__EXERCISE BRIEF__. Only one span of the listing below is wanted: the lines from the one with "case (gg_inv g)" through the one with "case (gg_comp g h)", reproduced exactly, both ends kept.

__MATERIAL FOR THIS TASK__.
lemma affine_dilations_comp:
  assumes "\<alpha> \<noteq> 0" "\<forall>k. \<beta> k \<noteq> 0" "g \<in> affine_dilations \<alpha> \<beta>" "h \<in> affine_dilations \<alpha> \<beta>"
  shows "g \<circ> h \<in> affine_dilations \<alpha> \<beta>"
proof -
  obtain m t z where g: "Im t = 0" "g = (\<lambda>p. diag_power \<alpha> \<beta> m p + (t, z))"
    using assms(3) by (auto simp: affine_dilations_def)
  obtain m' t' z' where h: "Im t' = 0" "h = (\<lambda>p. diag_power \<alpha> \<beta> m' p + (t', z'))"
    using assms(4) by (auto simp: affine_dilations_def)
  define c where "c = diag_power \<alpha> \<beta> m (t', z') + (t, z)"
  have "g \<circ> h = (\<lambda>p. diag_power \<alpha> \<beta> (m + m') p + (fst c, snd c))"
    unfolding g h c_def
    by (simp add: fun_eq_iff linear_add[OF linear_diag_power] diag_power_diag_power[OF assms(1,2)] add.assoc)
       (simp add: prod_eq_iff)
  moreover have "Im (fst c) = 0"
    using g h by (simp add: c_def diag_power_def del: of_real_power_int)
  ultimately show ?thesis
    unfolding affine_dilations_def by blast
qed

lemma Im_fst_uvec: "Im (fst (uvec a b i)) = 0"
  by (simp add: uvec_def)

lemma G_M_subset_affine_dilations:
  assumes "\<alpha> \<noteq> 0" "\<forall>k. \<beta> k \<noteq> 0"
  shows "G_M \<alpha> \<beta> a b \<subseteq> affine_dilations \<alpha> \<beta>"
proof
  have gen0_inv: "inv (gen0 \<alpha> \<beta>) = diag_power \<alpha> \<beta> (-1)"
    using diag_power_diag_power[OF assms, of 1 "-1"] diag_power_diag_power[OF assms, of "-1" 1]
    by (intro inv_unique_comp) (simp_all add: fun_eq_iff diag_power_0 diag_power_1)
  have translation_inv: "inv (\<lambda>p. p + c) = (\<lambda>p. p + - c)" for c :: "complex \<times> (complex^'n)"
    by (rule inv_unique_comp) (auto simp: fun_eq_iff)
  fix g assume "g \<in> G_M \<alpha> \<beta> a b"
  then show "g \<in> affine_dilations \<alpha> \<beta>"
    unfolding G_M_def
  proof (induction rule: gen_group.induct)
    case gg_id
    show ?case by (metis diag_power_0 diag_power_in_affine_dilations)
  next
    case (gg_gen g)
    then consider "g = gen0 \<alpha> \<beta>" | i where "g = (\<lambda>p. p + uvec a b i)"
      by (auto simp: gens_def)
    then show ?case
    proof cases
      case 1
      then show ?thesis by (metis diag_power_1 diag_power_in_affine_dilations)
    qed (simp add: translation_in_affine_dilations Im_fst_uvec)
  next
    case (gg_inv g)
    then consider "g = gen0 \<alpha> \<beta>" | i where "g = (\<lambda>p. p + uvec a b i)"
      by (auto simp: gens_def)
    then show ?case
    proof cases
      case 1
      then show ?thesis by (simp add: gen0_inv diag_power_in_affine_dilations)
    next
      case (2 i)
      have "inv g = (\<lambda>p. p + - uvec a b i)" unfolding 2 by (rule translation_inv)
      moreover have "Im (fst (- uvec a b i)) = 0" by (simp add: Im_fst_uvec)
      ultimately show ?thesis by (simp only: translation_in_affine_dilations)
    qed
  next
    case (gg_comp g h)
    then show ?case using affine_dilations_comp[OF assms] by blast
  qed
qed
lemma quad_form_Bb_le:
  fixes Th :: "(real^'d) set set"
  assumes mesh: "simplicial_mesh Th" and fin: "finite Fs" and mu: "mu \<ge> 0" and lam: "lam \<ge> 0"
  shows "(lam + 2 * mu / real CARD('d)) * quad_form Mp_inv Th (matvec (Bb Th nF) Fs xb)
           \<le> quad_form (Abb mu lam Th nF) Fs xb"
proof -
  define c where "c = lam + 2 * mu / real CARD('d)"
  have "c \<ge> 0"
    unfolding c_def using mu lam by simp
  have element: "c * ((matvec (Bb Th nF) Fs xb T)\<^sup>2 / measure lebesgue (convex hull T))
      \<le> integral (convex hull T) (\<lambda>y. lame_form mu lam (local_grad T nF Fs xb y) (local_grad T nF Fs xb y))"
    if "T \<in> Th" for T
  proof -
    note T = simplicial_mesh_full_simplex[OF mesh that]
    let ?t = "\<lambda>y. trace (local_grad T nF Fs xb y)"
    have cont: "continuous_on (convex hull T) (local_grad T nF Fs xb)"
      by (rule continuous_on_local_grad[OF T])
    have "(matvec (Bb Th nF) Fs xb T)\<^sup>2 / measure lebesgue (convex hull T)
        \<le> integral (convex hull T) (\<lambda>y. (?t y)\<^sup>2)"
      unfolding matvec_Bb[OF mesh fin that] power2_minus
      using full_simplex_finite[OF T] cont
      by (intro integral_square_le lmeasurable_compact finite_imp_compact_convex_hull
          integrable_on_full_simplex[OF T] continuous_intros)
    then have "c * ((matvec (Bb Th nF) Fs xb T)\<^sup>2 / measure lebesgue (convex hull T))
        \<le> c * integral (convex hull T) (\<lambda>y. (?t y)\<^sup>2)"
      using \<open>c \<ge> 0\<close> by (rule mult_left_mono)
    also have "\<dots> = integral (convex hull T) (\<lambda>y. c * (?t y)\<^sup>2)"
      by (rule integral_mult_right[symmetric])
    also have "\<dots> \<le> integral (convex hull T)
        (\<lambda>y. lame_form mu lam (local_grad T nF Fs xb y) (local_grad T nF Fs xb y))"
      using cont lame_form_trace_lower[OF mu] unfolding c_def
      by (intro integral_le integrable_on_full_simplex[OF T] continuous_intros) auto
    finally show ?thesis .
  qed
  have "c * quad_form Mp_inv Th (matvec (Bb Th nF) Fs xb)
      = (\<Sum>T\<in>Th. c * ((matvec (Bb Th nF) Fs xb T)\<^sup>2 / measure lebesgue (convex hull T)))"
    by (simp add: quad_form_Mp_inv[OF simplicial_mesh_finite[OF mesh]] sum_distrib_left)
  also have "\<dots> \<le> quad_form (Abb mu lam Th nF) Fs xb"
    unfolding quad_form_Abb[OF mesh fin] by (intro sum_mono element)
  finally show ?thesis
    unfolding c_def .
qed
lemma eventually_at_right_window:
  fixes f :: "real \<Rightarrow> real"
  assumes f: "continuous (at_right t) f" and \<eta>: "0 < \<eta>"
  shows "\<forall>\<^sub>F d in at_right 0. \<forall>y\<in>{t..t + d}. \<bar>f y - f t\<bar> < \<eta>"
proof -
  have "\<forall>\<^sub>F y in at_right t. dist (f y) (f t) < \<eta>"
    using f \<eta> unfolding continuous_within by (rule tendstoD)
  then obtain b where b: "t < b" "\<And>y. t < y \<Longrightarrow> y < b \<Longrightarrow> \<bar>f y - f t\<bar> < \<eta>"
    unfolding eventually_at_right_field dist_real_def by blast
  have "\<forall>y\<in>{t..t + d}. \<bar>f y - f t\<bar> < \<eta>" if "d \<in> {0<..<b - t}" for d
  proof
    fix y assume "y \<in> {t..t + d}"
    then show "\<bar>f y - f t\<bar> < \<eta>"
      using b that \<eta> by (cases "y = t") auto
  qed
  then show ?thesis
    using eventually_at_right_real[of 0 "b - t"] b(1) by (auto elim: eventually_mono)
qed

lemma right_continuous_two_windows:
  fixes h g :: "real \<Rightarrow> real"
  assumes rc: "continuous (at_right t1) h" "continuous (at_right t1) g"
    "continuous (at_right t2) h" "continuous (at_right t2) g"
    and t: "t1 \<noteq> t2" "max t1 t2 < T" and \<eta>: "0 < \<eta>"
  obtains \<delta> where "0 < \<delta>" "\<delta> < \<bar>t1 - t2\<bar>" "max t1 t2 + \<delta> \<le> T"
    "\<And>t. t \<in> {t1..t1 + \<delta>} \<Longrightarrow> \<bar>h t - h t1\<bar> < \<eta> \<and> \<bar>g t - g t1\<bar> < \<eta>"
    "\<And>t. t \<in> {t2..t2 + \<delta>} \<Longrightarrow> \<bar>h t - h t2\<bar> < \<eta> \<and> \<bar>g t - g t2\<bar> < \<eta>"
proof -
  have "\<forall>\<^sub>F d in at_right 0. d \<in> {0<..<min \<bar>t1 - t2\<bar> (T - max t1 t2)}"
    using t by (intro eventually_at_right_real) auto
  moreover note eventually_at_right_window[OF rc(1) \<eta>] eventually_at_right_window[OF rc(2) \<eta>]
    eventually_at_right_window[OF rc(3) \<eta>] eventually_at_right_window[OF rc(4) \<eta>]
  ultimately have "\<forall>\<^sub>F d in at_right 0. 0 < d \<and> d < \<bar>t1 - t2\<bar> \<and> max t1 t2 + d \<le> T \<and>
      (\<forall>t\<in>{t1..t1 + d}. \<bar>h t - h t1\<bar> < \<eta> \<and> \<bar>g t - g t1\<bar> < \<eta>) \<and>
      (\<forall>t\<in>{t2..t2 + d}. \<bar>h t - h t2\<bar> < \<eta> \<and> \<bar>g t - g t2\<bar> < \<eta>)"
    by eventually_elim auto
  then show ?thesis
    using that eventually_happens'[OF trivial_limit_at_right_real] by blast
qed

__EXERCISE RESPONSE__.
    case (gg_inv g)
    then consider "g = gen0 \<alpha> \<beta>" | i where "g = (\<lambda>p. p + uvec a b i)"
      by (auto simp: gens_def)
    then show ?case
    proof cases
      case 1
      then show ?thesis by (simp add: gen0_inv diag_power_in_affine_dilations)
    next
      case (2 i)
      have "inv g = (\<lambda>p. p + - uvec a b i)" unfolding 2 by (rule translation_inv)
      moreover have "Im (fst (- uvec a b i)) = 0" by (simp add: Im_fst_uvec)
      ultimately show ?thesis by (simp only: translation_in_affine_dilations)
    qed
  next
    case (gg_comp g h)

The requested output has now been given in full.